Document cameras, also known as visual presenters, visualisers, digital overheads, or docucams, are real-time image capture devices for displaying an object to a large audience. Like an opaque projector, a document camera is able to magnify and project the images of actual, three-dimensional objects, as well as transparencies. They are, in essence, high resolution web cams, mounted on arms so as to facilitate their placement over a page. This allows a teacher, lecturer or presenter to write on a sheet of paper or to display a two or three-dimensional object while the audience watches. Theoretically, all objects can be displayed by a document camera. Most objects are simply placed under the camera. The camera takes the picture which in turn produces a live picture using a projector or monitor. Different types of document camera/visualizer allow great flexibility in terms of placement of objects. Larger objects, for example, can simply be placed in front of the camera and the camera rotated as necessary,or a ceiling mounted document camera can also be used to allow a larger working area to be used.
A structured-light 3D scanner is a 3D scanning device for measuring the three-dimensional shape of an object using projected light patterns and a camera system.
In electrical engineering, capacitive sensing is a technology, based on capacitive coupling, that can detect and measure anything that is conductive or has a dielectric different from air.
In the field of gesture recognition and image processing, finger tracking is a high-resolution technique that is employed to know the consecutive position of the fingers of the user and hence represent objects in 3D. In addition to that, the finger tracking technique is used as a tool of the computer, acting as an external device in our computer, similar to a keyboard and a mouse.
PrimeSense was an Israeli 3D sensing company based in Tel-Aviv. PrimeSense had offices in Israel, North America, Japan, Singapore, Korea, China and Taiwan (China). PrimeSense was bought by Apple Inc. for $360 million on November 24, 2013.
A projector or image projector is an optical device that projects an image onto a surface, commonly a projection screen. Most projectors create an image by shining a light through a small transparent lens, but some newer types of projectors can project the image directly, by using lasers. A virtual retinal display, or retinal projector, is a projector that projects an image directly on the retina instead of using an external projection screen.

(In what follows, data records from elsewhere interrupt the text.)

text \<open>\<open>\<lambda>i. f (i div K) ! (i mod K)\<close> is the infinite concatenation \<open>f 0 @ f 1 @ f 2 @ \<dots>\<close>
  of blocks of length \<open>K\<close>.\<close>

lemma map_upt_block_word:
  assumes "\<forall>j. length (f j) = K" "0 < K"
  shows "map (\<lambda>i. f (i div K) ! (i mod K)) [0..<n] = take n (concat (map f [0..<n]))"
proof -
  have len: "length (concat (map f [0..<n])) = n * K"
    using assms(1) by (induction n) auto
  have "n \<le> n * K" using assms(2) by simp
  show ?thesis
  proof (rule nth_equalityI)
    show "length (map (\<lambda>i. f (i div K) ! (i mod K)) [0..<n]) = length (take n (concat (map f [0..<n])))"
      using len \<open>n \<le> n * K\<close> by simp
  next
    fix i assume "i < length (map (\<lambda>i. f (i div K) ! (i mod K)) [0..<n])"
    then have "i < n" by simp
    then have "i < n * K" using \<open>n \<le> n * K\<close> by linarith
    then show "map (\<lambda>i. f (i div K) ! (i mod K)) [0..<n] ! i = take n (concat (map f [0..<n])) ! i"
      using nth_concat_equal_length[of n f K i] assms(1) \<open>i < n\<close> \<open>i < n * K\<close> by simp
  qed
qed

lemma concat_inf_block_word_mem_concat_subshift:
  assumes "p @ w \<in> concat ` lists C" "\<forall>j. f j \<in> concat ` lists C" "\<forall>j. length (f j) = K" "0 < K"
  shows "Inf (concat_inf w (\<lambda>i. f (i div K) ! (i mod K))) \<in> concat_subshift C"
proof -
  have "map (concat_inf w (\<lambda>i. f (i div K) ! (i mod K))) [0..<n] \<in> factors (concat ` lists C)" for n
  proof -
    let ?X = "concat (map f [0..<n])"
    have "?X \<in> concat ` lists C" using assms(2) by (intro concat_mem_concat_lists) auto
    then have "p @ w @ ?X \<in> concat ` lists C"
      using assms(1) concat_mem_concat_lists[of "[p @ w, ?X]" C] by simp
    then have "p @ take n (w @ ?X) @ drop n (w @ ?X) \<in> concat ` lists C"
      by (simp only: append_take_drop_id)
    moreover have "map (concat_inf w (\<lambda>i. f (i div K) ! (i mod K))) [0..<n] = take n (w @ ?X)"
      using assms(3,4) by (simp add: map_upt_concat_inf map_upt_block_word)
    ultimately show ?thesis unfolding factors_def by (metis (mono_tags, lifting) mem_Collect_eq)
  qed
  then show ?thesis by (simp add: concat_subshift_def)
qed

lemma concat_subshift_shift: "y \<in> concat_subshift C \<Longrightarrow> shift y \<in> concat_subshift C"
proof -
  assume "y \<in> concat_subshift C"
  then obtain \<gamma> where y: "y = Inf \<gamma>"
    and prefixes: "\<forall>n. map \<gamma> [0..<n] \<in> factors (concat ` lists C)"
    by (auto simp: concat_subshift_def)
  have "map \<gamma> [0..<Suc n] = [\<gamma> 0] @ map (\<lambda>i. \<gamma> (Suc i)) [0..<n] @ []" for n
    by (simp add: map_upt_Suc del: upt_Suc)
  then have "map (\<lambda>i. \<gamma> (Suc i)) [0..<n] \<in> factors (concat ` lists C)" for n
    using prefixes factors_infix by (metis (no_types))
  then show ?thesis using y by (simp add: concat_subshift_def)
qed

lemma uncountable_UNIV_nat_set: "uncountable (UNIV :: nat set set)"
proof
  assume "countable (UNIV :: nat set set)"
  then have "range (from_nat_into (UNIV :: nat set set)) = Pow UNIV" by simp
  then show False using Cantors_theorem by blast
qed

lemma uncountable_concat_subshift:
  assumes "a \<in> concat ` lists C" "b \<in> concat ` lists C" "length a = length b" "a \<noteq> b"
  shows "uncountable (concat_subshift C :: ('v, 'e) xpt set)"
proof
  assume countable: "countable (concat_subshift C :: ('v, 'e) xpt set)"
  let ?K = "length a"
  have "\<exists>r<?K. a ! r \<noteq> b ! r" using assms(3,4) nth_equalityI by blast
  then obtain r where r: "r < ?K" "a ! r \<noteq> b ! r" by blast
  define blk where "blk S j = (if j \<in> S then a else b)" for S :: "nat set" and j
  define word :: "nat set \<Rightarrow> ('v, 'e) xpt" where
    "word S = Inf (\<lambda>i. blk S (i div ?K) ! (i mod ?K))" for S
  have "[] @ [] \<in> concat ` lists C" using concat_mem_concat_lists[of "[]" C] by simp
  then have "Inf (concat_inf [] (\<lambda>i. blk S (i div ?K) ! (i mod ?K))) \<in> concat_subshift C" for S
    using assms(1-3) r(1) by (intro concat_inf_block_word_mem_concat_subshift) (auto simp: blk_def)
  then have "word S \<in> concat_subshift C" for S by (simp add: word_def concat_inf_def)
  moreover have "inj word"
  proof
    fix S T assume "word S = word T"
    have same_block: "blk S j ! r = blk T j ! r" for j
    proof -
      have "(\<lambda>i. blk S (i div ?K) ! (i mod ?K)) = (\<lambda>i. blk T (i div ?K) ! (i mod ?K))"
        using \<open>word S = word T\<close> by (simp add: word_def)
      moreover have "(j * ?K + r) div ?K = j" using r(1) by (intro div_nat_eqI) auto
      ultimately show ?thesis using fun_cong[of _ _ "j * ?K + r"] r(1) by fastforce
    qed
    have "j \<in> S \<longleftrightarrow> j \<in> T" for j
      using same_block[of j] r(2) by (auto simp: blk_def split: if_splits)
    then show "S = T" by blast
  qed
  ultimately have "countable (range word)" using countable by (blast intro: countable_subset)
  then show False using \<open>inj word\<close> countable_image_inj_on uncountable_UNIV_nat_set by blast
qed
(* For the iterates of SONATA with step-size $\alpha\in(0,1]$ under Assumptions (A), (B), (C), (W), for every $\nu\ge0$: $$\|\delta^\nu\|^2\le4L_{\max}^2\|x_\perp^\nu\|^2+2\|y_\perp^\nu\|^2.$$
   Context: Problem (P): minimize $U=F+G$ over $\mathcal K$, $F=\frac1m\sum_{i=1}^mf_i$. (A): $\mathcal K\subseteq\mathbb R^d$ nonempty closed convex; $f_i$ twice differentiable convex on open $\mathcal O\supseteq\mathcal K$; $\mu I\preceq\nabla^2F\preceq LI$ on $\mathcal K$ ($\mu>0$); $G$ convex on $\mathcal K$. $\nabla^2f_i\preceq L_iI$ on $\mathcal K$, $L_{\max}=\max_iL_i$. (B): connected undirected graph on $\{1,\dots,m\}$, edges $\mathcal E$. (W): $w_{ii}>0$; for $i\ne j$, $w_{ij}>0$ iff $(i,j)\in\mathcal E$, else 0; $W$ doubly stochastic. (C): $\tilde f_i:\mathcal O\times\mathcal O\to\mathbb R$ $C^2$, $\nabla\tilde f_i(x;x)=\nabla f_i(x)$, $\nabla\tilde f_i(\cdot;x)$ Lipschitz, $\tilde f_i(\cdot;x)$ strongly convex on $\mathcal K$ for $x\in\mathcal K$. SONATA: $x_i^0\in\mathcal K$, $y_i^0=\nabla f_i(x_i^0)$; $\hat x_i^\nu=\arg\min_{x_i\in\mathcal K}\tilde f_i(x_i;x_i^\nu)+(y_i^\nu-\nabla f_i(x_i^\nu))^\top(x_i-x_i^\nu)+G(x_i)$; $x_i^{\nu+1/2}=x_i^\nu+\alpha(\hat x_i^\nu-x_i^\nu)$; $x_i^{\nu+1}=\sum_jw_{ij}x_j^{\nu+1/2}$; $y_i^{\nu+1}=\sum_jw_{ij}(y_j^\nu+\nabla f_j(x_j^{\nu+1})-\nabla f_j(x_j^\nu))$. $\delta^\nu$ stacks $\delta_i^\nu=\nabla F(x_i^\nu)-y_i^\nu$; $x_\perp^\nu=x^\nu-\mathbf1_m\otimes\frac1m\sum_ix_i^\nu$, $y_\perp^\nu=y^\nu-\mathbf1_m\otimes\frac1m\sum_iy_i^\nu$, with $x^\nu,y^\nu$ stacking the local vectors. *)

theory Defs
  imports "HOL-Analysis.Analysis"
begin
definition trace_norm :: "complex^'n^'n \<Rightarrow> real" where
  "trace_norm A = Re (trace (cmat_abs A))"

definition weight :: "complex^'n^'n \<Rightarrow> complex^'n^'n \<Rightarrow> real" where
  "weight y x = Sup {t::real. 0 \<le> t \<and> t < 1 \<and> density ((1 / (1 - t)) *\<^sub>R (y - t *\<^sub>R x))}"

definition boundariness :: "complex^'n^'n \<Rightarrow> real" where
  "boundariness y = Inf (weight y ` {x. density x})"

end

theory Submission imports Defs begin

text \<open>Diagonalise \<open>\<rho>\<close>; let \<open>\<lambda>\<close> be its smallest eigenvalue, with unit eigenvector \<open>v\<close>.
  Since \<open>\<rho> \<ge> \<lambda>\<close>, the operator \<open>\<rho> - t \<xi>\<close> is positive for every state \<open>\<xi>\<close> and \<open>t \<le> \<lambda>\<close>, so every
  weight is at least \<open>\<lambda>\<close>; testing \<open>\<rho> - t |v\<rangle>\<langle>v|\<close> at \<open>v\<close> shows that the weight of \<open>|v\<rangle>\<langle>v|\<close> is at most
  \<open>\<lambda>\<close>. Hence \<open>b(\<rho>) = \<lambda>\<close>.

  For a state \<open>\<xi>\<close>, the Hermitian operator \<open>\<rho> - \<xi>\<close> is traceless, so its trace norm is twice the
  sum of its positive eigenvalues and also minus twice the sum of the others. Each positive
  eigenvalue is at most the corresponding diagonal entry of \<open>\<rho>\<close>, and at least one diagonal
  entry, which is \<open>\<ge> \<lambda>\<close>, is left out; this gives \<open>\<parallel>\<rho> - \<xi>\<parallel> \<le> 2(1 - \<lambda>)\<close>. For \<open>\<xi> = |v\<rangle>\<langle>v|\<close> the
  expectation of \<open>\<rho> - \<xi>\<close> at \<open>v\<close> is \<open>\<lambda> - 1\<close>, which bounds the negative part from below, so the
  bound is attained.

  The spectral theorem is proved along the way by minimising the quadratic form over unit
  vectors of an invariant subspace.\<close>

section \<open>The inner product on \<open>complex^'n\<close>\<close>

definition cinner :: "complex^'n \<Rightarrow> complex^'n \<Rightarrow> complex" where
  "cinner x y = (\<Sum>i\<in>UNIV. cnj (x$i) * y$i)"

lemma cinner_add_right: "cinner x (y + z) = cinner x y + cinner x z"
  by (simp add: cinner_def distrib_left sum.distrib)
lemma reflected_term_bound:
  fixes a V X Xp Yp :: "'a::real_inner"
  assumes near: "norm (X - Yp) \<le> \<gamma> * \<mu> * norm (Xp - Yp)" and a: "norm a \<le> L * norm (Xp - Yp)"
    and "0 \<le> \<gamma>" "0 \<le> L"
  shows "2 * \<gamma> * \<bar>inner a (V - Yp)\<bar> \<le> \<gamma> * L * (norm (V - X))\<^sup>2 + (\<gamma> * L + 2 * \<gamma>\<^sup>2 * L * \<mu>) * (norm (Xp - Yp))\<^sup>2"
proof -
  define e where "e = norm (Xp - Yp)"
  define v where "v = norm (V - X)"
  have "norm (V - Yp) \<le> v + \<gamma> * \<mu> * e"
    using norm_triangle_ineq[of "V - X" "X - Yp"] near unfolding v_def e_def by simp
  then have "\<bar>inner a (V - Yp)\<bar> \<le> (L * e) * (v + \<gamma> * \<mu> * e)"
    using order_trans[OF Cauchy_Schwarz_ineq2 mult_mono[OF a]] \<open>0 \<le> L\<close> unfolding e_def by simp
  then have "2 * \<gamma> * \<bar>inner a (V - Yp)\<bar> \<le> 2 * \<gamma> * ((L * e) * (v + \<gamma> * \<mu> * e))"
    using \<open>0 \<le> \<gamma>\<close> by (intro mult_left_mono) auto
  also have "\<dots> = \<gamma> * L * (2 * (e * v)) + 2 * \<gamma>\<^sup>2 * L * \<mu> * e\<^sup>2"
    by (simp add: algebra_simps power2_eq_square)
  also have "\<dots> \<le> \<gamma> * L * (e\<^sup>2 + v\<^sup>2) + 2 * \<gamma>\<^sup>2 * L * \<mu> * e\<^sup>2"
    using sum_squares_bound[of e v] \<open>0 \<le> \<gamma>\<close> \<open>0 \<le> L\<close> by (simp add: mult_left_mono)
  finally show ?thesis unfolding e_def v_def by (simp add: algebra_simps)
qed

locale splitting_iteration =
  fixes A1 :: "'a::{real_inner,complete_space} \<Rightarrow> 'a set"
    and A2 B C :: "'a \<Rightarrow> 'a"
    and L \<mu> \<beta> \<gamma> \<epsilon> :: real
    and xm1 ym1 :: 'a
    and x y :: "nat \<Rightarrow> 'a"
  assumes A2_lipschitz: "L-lipschitz_on UNIV A2"
    and A12_max_monotone: "max_monotone_op (op_plus A1 (sv A2))"
    and B_monotone: "monotone_op (sv B)"
    and B_lipschitz: "\<mu>-lipschitz_on UNIV B"
    and \<beta>_pos: "\<beta> > 0"
    and C_cocoercive: "cocoercive (inverse \<beta>) C"
    and \<gamma>_pos: "\<gamma> > 0" and \<epsilon>_pos: "\<epsilon> > 0"
    and step_size: "1 - 2*\<gamma>*L - 2*\<gamma>^2*L*\<mu> - \<gamma>^2*\<mu>^2 - \<gamma>*\<beta>/2 \<ge> \<epsilon>"
    and y_step: "\<And>k. y k \<in> resolvent \<gamma> A1
        (x k - \<gamma> *\<^sub>R A2 (x k) - \<gamma> *\<^sub>R B (x k) - \<gamma> *\<^sub>R C (x k)
         - \<gamma> *\<^sub>R (A2 (if k = 0 then ym1 else y (k - 1)) - A2 (if k = 0 then xm1 else x (k - 1))))"
    and x_step: "\<And>k. x (Suc k) = y k - \<gamma> *\<^sub>R B (y k) + \<gamma> *\<^sub>R B (x k)"
begin

abbreviation A12 where "A12 \<equiv> op_plus A1 (sv A2)"

abbreviation M where "M \<equiv> op_plus (op_plus A12 (sv B)) (sv C)"

definition d :: "nat \<Rightarrow> 'a" where "d k = x k - y k"

lemma A2_lip: "norm (A2 a - A2 b) \<le> L * norm (a - b)" and L_nonneg: "0 \<le> L"
  using A2_lipschitz unfolding lipschitz_on_def dist_norm by auto

lemma B_lip: "norm (B a - B b) \<le> \<mu> * norm (a - b)" and \<mu>_nonneg: "0 \<le> \<mu>"
  using B_lipschitz unfolding lipschitz_on_def dist_norm by auto

lemma C_lipschitz: "\<beta>-lipschitz_on UNIV C"
  using cocoercive_imp_lipschitz[OF _ C_cocoercive] \<beta>_pos by simp

lemma C_lip: "norm (C a - C b) \<le> \<beta> * norm (a - b)"
  using C_lipschitz unfolding lipschitz_on_def dist_norm by auto

lemma M_max_monotone: "max_monotone_op M"
proof -
  have "monotone_op (sv C)" using cocoercive_imp_monotone_op[OF _ C_cocoercive] \<beta>_pos by simp
  then show ?thesis
    by (intro max_monotone_op_plus_lipschitz[OF _ _ C_lipschitz]
        max_monotone_op_plus_lipschitz[OF A12_max_monotone B_monotone B_lipschitz])
qed

lemma zer_M_iff: "z \<in> zer M \<longleftrightarrow> - B z - C z \<in> A12 z"
proof -
  have "- C z - B z = - B z - C z" by simp
  then show ?thesis unfolding zer_def mem_Collect_eq mem_op_plus_sv_iff diff_0 by metis
qed

lemma \<gamma>L_less: "\<gamma> * L < 1/2"
proof -
  have "0 \<le> 2 * \<gamma>^2 * L * \<mu>" using L_nonneg \<mu>_nonneg by simp
  moreover have "0 < \<gamma> * \<beta> / 2" using \<gamma>_pos \<beta>_pos by simp
  moreover have "0 \<le> \<gamma>^2 * \<mu>^2" by simp
  ultimately show ?thesis using step_size \<epsilon>_pos by linarith
qed

text \<open>The element of (A1 + A2)(y k) realised by the resolvent step.\<close>

definition u :: "nat \<Rightarrow> 'a" where
  "u k = (SOME w. w \<in> A1 (y k) \<and> x k - \<gamma> *\<^sub>R A2 (x k) - \<gamma> *\<^sub>R B (x k) - \<gamma> *\<^sub>R C (x k)
     - \<gamma> *\<^sub>R (A2 (if k = 0 then ym1 else y (k - 1)) - A2 (if k = 0 then xm1 else x (k - 1)))
     = y k + \<gamma> *\<^sub>R w) + A2 (y k)"

lemma u_mem: "u k \<in> A12 (y k)"
  and u_step: "\<gamma> *\<^sub>R u (Suc k) = d (Suc k) - \<gamma> *\<^sub>R B (x (Suc k)) - \<gamma> *\<^sub>R C (x (Suc k))
      + \<gamma> *\<^sub>R (A2 (y (Suc k)) - A2 (x (Suc k))) - \<gamma> *\<^sub>R (A2 (y k) - A2 (x k))"
proof -
  have "\<exists>w. w \<in> A1 (y k) \<and> x k - \<gamma> *\<^sub>R A2 (x k) - \<gamma> *\<^sub>R B (x k) - \<gamma> *\<^sub>R C (x k)
     - \<gamma> *\<^sub>R (A2 (if k = 0 then ym1 else y (k - 1)) - A2 (if k = 0 then xm1 else x (k - 1)))
     = y k + \<gamma> *\<^sub>R w" for k
    using y_step[of k] unfolding resolvent_def by blast
  note w = someI_ex[OF this]
  show "u k \<in> A12 (y k)" using w[of k] unfolding u_def by (simp add: mem_op_plus_sv_iff)
  show "\<gamma> *\<^sub>R u (Suc k) = d (Suc k) - \<gamma> *\<^sub>R B (x (Suc k)) - \<gamma> *\<^sub>R C (x (Suc k))
      + \<gamma> *\<^sub>R (A2 (y (Suc k)) - A2 (x (Suc k))) - \<gamma> *\<^sub>R (A2 (y k) - A2 (x k))"
    using conjunct2[OF w[of "Suc k"]] unfolding u_def d_def by (simp add: algebra_simps)
qed

lemma x_near_y: "norm (x (Suc k) - y k) \<le> \<gamma> * \<mu> * norm (d k)"
proof -
  have "x (Suc k) - y k = \<gamma> *\<^sub>R (B (x k) - B (y k))" unfolding x_step by (simp add: algebra_simps)
  then show ?thesis using B_lip[of "x k" "y k"] \<gamma>_pos unfolding d_def by simp
qed

definition lyap :: "'a \<Rightarrow> nat \<Rightarrow> real" where
  "lyap z n = (norm (x (Suc n) - z))\<^sup>2 - 2 * \<gamma> * inner (A2 (y n) - A2 (x n)) (y n - z)
     + (\<gamma> * L + 2 * \<gamma>\<^sup>2 * L * \<mu>) * (norm (d n))\<^sup>2"

lemma step_monotone_bound:
  assumes "z \<in> zer M"
  shows "\<gamma> * inner (C (x (Suc n)) - C z) (y (Suc n) - z)
      - \<gamma> * inner ((A2 (y (Suc n)) - A2 (x (Suc n))) - (A2 (y n) - A2 (x n))) (y (Suc n) - z)
    \<le> inner (x (Suc n) - x (Suc (Suc n))) (y (Suc n) - z)"
proof -
  \<comment> \<open>The step difference splits into an element of A12 minus the one at z, a B-difference,
    a C-difference and the A2 correction; the first two pair nonnegatively with y - z.\<close>
  have "x (Suc n) - x (Suc (Suc n)) = \<gamma> *\<^sub>R (u (Suc n) - (- B z - C z)) + \<gamma> *\<^sub>R (B (y (Suc n)) - B z)
      + \<gamma> *\<^sub>R (C (x (Suc n)) - C z) - \<gamma> *\<^sub>R ((A2 (y (Suc n)) - A2 (x (Suc n))) - (A2 (y n) - A2 (x n)))"
    using u_step[of n] unfolding x_step[of "Suc n"] d_def by (simp add: algebra_simps)
  moreover have "0 \<le> inner (u (Suc n) - (- B z - C z)) (y (Suc n) - z)"
    using A12_max_monotone u_mem assms unfolding zer_M_iff max_monotone_op_def monotone_op_def by blast
  moreover have "0 \<le> inner (B (y (Suc n)) - B z) (y (Suc n) - z)"
    using B_monotone unfolding monotone_op_def sv_def by blast
  ultimately show ?thesis using \<gamma>_pos by (simp add: inner_add_left inner_diff_left)
qed

lemma lyap_descent:
  assumes "z \<in> zer M"
  shows "lyap z (Suc n) \<le> lyap z n - \<epsilon> * (norm (d (Suc n)))\<^sup>2"
proof -
  define X where "X = x (Suc n)"
  define Y where "Y = y (Suc n)"
  define X' where "X' = x (Suc (Suc n))"
  define Xp where "Xp = x n"
  define Yp where "Yp = y n"
  define ak where "ak = A2 Y - A2 X"
  define an where "an = A2 Yp - A2 Xp"
  define e where "e = \<gamma> *\<^sub>R (B Y - B X)"
  define c1 where "c1 = \<gamma> * L + 2 * \<gamma>\<^sup>2 * L * \<mu>"
  have X': "X' = Y - e" unfolding X'_def e_def X_def Y_def x_step by (simp add: algebra_simps)
  have expand: "(norm (X' - z))\<^sup>2 = (norm (X - z))\<^sup>2 - (norm (X - Y))\<^sup>2 + (norm e)\<^sup>2 - 2 * inner (X - X') (Y - z)"
    unfolding X' power2_norm_eq_inner
    by (simp add: inner_add_left inner_add_right inner_diff_left inner_diff_right inner_commute algebra_simps)
  have monotone_terms: "\<gamma> * inner (C X - C z) (Y - z) - \<gamma> * inner (ak - an) (Y - z) \<le> inner (X - X') (Y - z)"
    using step_monotone_bound[OF assms, of n] unfolding X_def Y_def X'_def ak_def an_def Xp_def Yp_def .
  have B_term: "(norm e)\<^sup>2 \<le> \<gamma>\<^sup>2 * \<mu>\<^sup>2 * (norm (X - Y))\<^sup>2"
  proof -
    have "norm e \<le> \<gamma> * \<mu> * norm (X - Y)"
      using B_lip[of Y X] \<gamma>_pos unfolding e_def by (simp add: norm_minus_commute)
    then have "(norm e)\<^sup>2 \<le> (\<gamma> * \<mu> * norm (X - Y))\<^sup>2" by (simp add: power_mono)
    then show ?thesis by (simp add: power_mult_distrib)
  qed
  have C_term: "- 2 * \<gamma> * inner (C X - C z) (Y - z) \<le> \<gamma> * \<beta> / 2 * (norm (X - Y))\<^sup>2"
    using C_cocoercive \<beta>_pos \<gamma>_pos unfolding cocoercive_def by (intro cocoercive_cross_term_bound) auto
  \<comment> \<open>The A2 correction telescopes into the Lyapunov function up to the reflected term.\<close>
  have "2 * \<gamma> * inner (ak - an) (Y - z)
      = 2 * \<gamma> * inner ak (Y - z) - 2 * \<gamma> * inner an (Yp - z) - 2 * \<gamma> * inner an (Y - Yp)"
    by (simp add: inner_diff_left inner_diff_right algebra_simps)
  moreover have "- (2 * \<gamma> * inner an (Y - Yp)) \<le> 2 * \<gamma> * \<bar>inner an (Y - Yp)\<bar>"
    using \<gamma>_pos by (simp add: abs_if)
  moreover have "2 * \<gamma> * \<bar>inner an (Y - Yp)\<bar> \<le> \<gamma> * L * (norm (X - Y))\<^sup>2 + c1 * (norm (Xp - Yp))\<^sup>2"
    using reflected_term_bound[of X Yp \<gamma> \<mu> Xp an L Y] x_near_y[of n] A2_lip[of Yp Xp] \<gamma>_pos L_nonneg
    unfolding X_def Xp_def Yp_def an_def c1_def d_def by (simp add: norm_minus_commute)
  ultimately have A2_term: "2 * \<gamma> * inner (ak - an) (Y - z) \<le> 2 * \<gamma> * inner ak (Y - z) - 2 * \<gamma> * inner an (Yp - z)
      + \<gamma> * L * (norm (X - Y))\<^sup>2 + c1 * (norm (Xp - Yp))\<^sup>2"
    by linarith
  have "\<epsilon> \<le> 1 - \<gamma>\<^sup>2 * \<mu>\<^sup>2 - \<gamma> * \<beta> / 2 - \<gamma> * L - c1" using step_size unfolding c1_def by linarith
  then have "\<epsilon> * (norm (X - Y))\<^sup>2 \<le> (1 - \<gamma>\<^sup>2 * \<mu>\<^sup>2 - \<gamma> * \<beta> / 2 - \<gamma> * L - c1) * (norm (X - Y))\<^sup>2"
    by (intro mult_right_mono) auto
  then show ?thesis
    using expand monotone_terms B_term C_term A2_term
    unfolding lyap_def c1_def d_def X_def Y_def X'_def Xp_def Yp_def ak_def an_def
    by (simp add: algebra_simps)
qed

lemma lyap_lower: "(norm (x (Suc n) - z))\<^sup>2 / 2 \<le> lyap z n"
proof -
  define a where "a = A2 (y n) - A2 (x n)"
  have "2 * \<gamma> * \<bar>inner a (z - y n)\<bar>
      \<le> \<gamma> * L * (norm (x (Suc n) - z))\<^sup>2 + (\<gamma> * L + 2 * \<gamma>\<^sup>2 * L * \<mu>) * (norm (d n))\<^sup>2"
    using reflected_term_bound[OF x_near_y[of n, unfolded d_def]] A2_lip[of "y n" "x n"] \<gamma>_pos L_nonneg
    unfolding a_def d_def by (simp add: norm_minus_commute)
  moreover have "- (2 * \<gamma> * inner a (y n - z)) = 2 * \<gamma> * inner a (z - y n)"
    by (simp add: inner_diff_right algebra_simps)
  moreover have "2 * \<gamma> * (- \<bar>inner a (z - y n)\<bar>) \<le> 2 * \<gamma> * inner a (z - y n)"
    using \<gamma>_pos by (intro mult_left_mono) auto
  moreover have "\<gamma> * L * (norm (x (Suc n) - z))\<^sup>2 \<le> 1/2 * (norm (x (Suc n) - z))\<^sup>2"
    using \<gamma>L_less by (intro mult_right_mono) auto
  ultimately show ?thesis unfolding lyap_def a_def[symmetric] by linarith
qed

lemma lyap_decseq:
  assumes "z \<in> zer M"
  shows "decseq (lyap z)"
proof (rule decseq_SucI)
  fix n
  have "0 \<le> \<epsilon> * (norm (d (Suc n)))\<^sup>2" using \<epsilon>_pos by simp
  then show "lyap z (Suc n) \<le> lyap z n" using lyap_descent[OF assms, of n] by linarith
qed

lemma lyap_convergent:
  assumes "z \<in> zer M"
  shows "convergent (lyap z)"
proof -
  have "0 \<le> lyap z n" for n by (rule order_trans[OF _ lyap_lower]) simp
  then have "\<forall>n. 0 \<le> lyap z n" ..
  then obtain l where "lyap z \<longlonglongrightarrow> l" by (rule decseq_convergent[OF lyap_decseq[OF assms]])
  then show ?thesis unfolding convergent_def ..
qed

IllumiRoom is a Microsoft Research project that augments a television screen with images projected onto the wall and surrounding objects. The current proof-of-concept uses a Kinect sensor and video projector. The Kinect sensor captures the geometry and colors of the area of the room that surrounds the television, and the projector displays video around the television that corresponds to a video source on the television, such as a video game or movie.
The Sony Xperia XZs is an Android smartphone manufactured and marketed by Sony. Part of the Xperia X series, the device was announced to the public along with the Xperia XZ Premium at the annual Mobile World Congress last February 2017.